(Stored entries)
________________________________________

(* The system of equations below implies the following Kelvin theorem for the fluid circulation: $$\frac{d}{dt}\oint_{c(\widehat{\mathbf{v}})}\widehat{\mathbf{v}}\cdot d\mathbf{r}=\epsilon\sigma^4\oint_{c(\widehat{\mathbf{v}})}\frac{1}{D}\mathrm{div}_{\mathbf{r}}\big(D\widehat{w}^2\nabla\zeta\big)\,d\zeta+|\nabla_{\mathbf{r}}\zeta|^2\,d\widehat{w}^2/2,$$ in which $c(\widehat{\mathbf{v}})$ is a closed loop moving with the material velocity $\widehat{\mathbf{v}}$.
   Context: On a free surface $z=\zeta(\mathbf{r},t)$ over horizontal coordinates $\mathbf{r}=(x,y)$, consider the fields: horizontal transport velocity $\widehat{\mathbf{v}}$, vertical velocity $\widehat{w}$, areal density $D$, surface velocity potential $\widehat{\phi}$, elevation $\zeta$ and wave momentum density $\lambda$; $\sigma$ is the aspect ratio, $Fr$ the Froude number and $0\le\epsilon\le1$ a constant. Stationarity of the action $S=\int\int D\big(\tfrac12(|\widehat{\mathbf{v}}|^2+\sigma^2\widehat{w}^2+\epsilon\sigma^4|\widehat{w}\nabla_{\mathbf{r}}\zeta|^2)-\zeta/Fr^2\big)+\sigma^2\lambda(\partial_t\zeta+\widehat{\mathbf{v}}\cdot\nabla_{\mathbf{r}}\zeta-\widehat{w})+\widehat{\phi}(\partial_tD+\mathrm{div}_{\mathbf{r}}(D\widehat{\mathbf{v}}))\,d^2r\,dt$ yields: $\mathbf{V}\cdot d\mathbf{r}:=\widehat{\mathbf{v}}\cdot d\mathbf{r}+\sigma^2(\lambda/D)\,d\zeta=d\widehat{\phi}$; $\lambda/D=\widehat{w}(1+\epsilon\sigma^2|\nabla_{\mathbf{r}}\zeta|^2)$; $\partial_t\zeta+\widehat{\mathbf{v}}\cdot\nabla_{\mathbf{r}}\zeta-\widehat{w}=0$; $\partial_t\lambda+\mathrm{div}_{\mathbf{r}}(\lambda\widehat{\mathbf{v}})=-D/(\sigma^2Fr^2)-\mathrm{div}_{\mathbf{r}}(\epsilon\sigma^2D\widehat{w}^2\nabla_{\mathbf{r}}\zeta)$; $\partial_tD+\mathrm{div}_{\mathbf{r}}(D\widehat{\mathbf{v}})=0$; $(\partial_t+\widehat{\mathbf{v}}\cdot\nabla_{\mathbf{r}})\widehat{\phi}=\tfrac12\big(|\widehat{\mathbf{v}}|^2+\sigma^2\widehat{w}^2(1+\epsilon\sigma^2|\nabla_{\mathbf{r}}\zeta|^2)\big)-\zeta/Fr^2$. *)

theory Defs
  imports "HOL-Analysis.Analysis"
begin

________________________________________

▶ **Description of the task**
Retype the records, line for line.

▶ **Response box**
(* The system of equations below implies the following Kelvin theorem for the fluid circulation: $$\frac{d}{dt}\oint_{c(\widehat{\mathbf{v}})}\widehat{\mathbf{v}}\cdot d\mathbf{r}=\epsilon\sigma^4\oint_{c(\widehat{\mathbf{v}})}\frac{1}{D}\mathrm{div}_{\mathbf{r}}\big(D\widehat{w}^2\nabla\zeta\big)\,d\zeta+|\nabla_{\mathbf{r}}\zeta|^2\,d\widehat{w}^2/2,$$ in which $c(\widehat{\mathbf{v}})$ is a closed loop moving with the material velocity $\widehat{\mathbf{v}}$.
   Context: On a free surface $z=\zeta(\mathbf{r},t)$ over horizontal coordinates $\mathbf{r}=(x,y)$, consider the fields: horizontal transport velocity $\widehat{\mathbf{v}}$, vertical velocity $\widehat{w}$, areal density $D$, surface velocity potential $\widehat{\phi}$, elevation $\zeta$ and wave momentum density $\lambda$; $\sigma$ is the aspect ratio, $Fr$ the Froude number and $0\le\epsilon\le1$ a constant. Stationarity of the action $S=\int\int D\big(\tfrac12(|\widehat{\mathbf{v}}|^2+\sigma^2\widehat{w}^2+\epsilon\sigma^4|\widehat{w}\nabla_{\mathbf{r}}\zeta|^2)-\zeta/Fr^2\big)+\sigma^2\lambda(\partial_t\zeta+\widehat{\mathbf{v}}\cdot\nabla_{\mathbf{r}}\zeta-\widehat{w})+\widehat{\phi}(\partial_tD+\mathrm{div}_{\mathbf{r}}(D\widehat{\mathbf{v}}))\,d^2r\,dt$ yields: $\mathbf{V}\cdot d\mathbf{r}:=\widehat{\mathbf{v}}\cdot d\mathbf{r}+\sigma^2(\lambda/D)\,d\zeta=d\widehat{\phi}$; $\lambda/D=\widehat{w}(1+\epsilon\sigma^2|\nabla_{\mathbf{r}}\zeta|^2)$; $\partial_t\zeta+\widehat{\mathbf{v}}\cdot\nabla_{\mathbf{r}}\zeta-\widehat{w}=0$; $\partial_t\lambda+\mathrm{div}_{\mathbf{r}}(\lambda\widehat{\mathbf{v}})=-D/(\sigma^2Fr^2)-\mathrm{div}_{\mathbf{r}}(\epsilon\sigma^2D\widehat{w}^2\nabla_{\mathbf{r}}\zeta)$; $\partial_tD+\mathrm{div}_{\mathbf{r}}(D\widehat{\mathbf{v}})=0$; $(\partial_t+\widehat{\mathbf{v}}\cdot\nabla_{\mathbf{r}})\widehat{\phi}=\tfrac12\big(|\widehat{\mathbf{v}}|^2+\sigma^2\widehat{w}^2(1+\epsilon\sigma^2|\nabla_{\mathbf{r}}\zeta|^2)\big)-\zeta/Fr^2$. *)

theory Defs
  imports "HOL-Analysis.Analysis"
begin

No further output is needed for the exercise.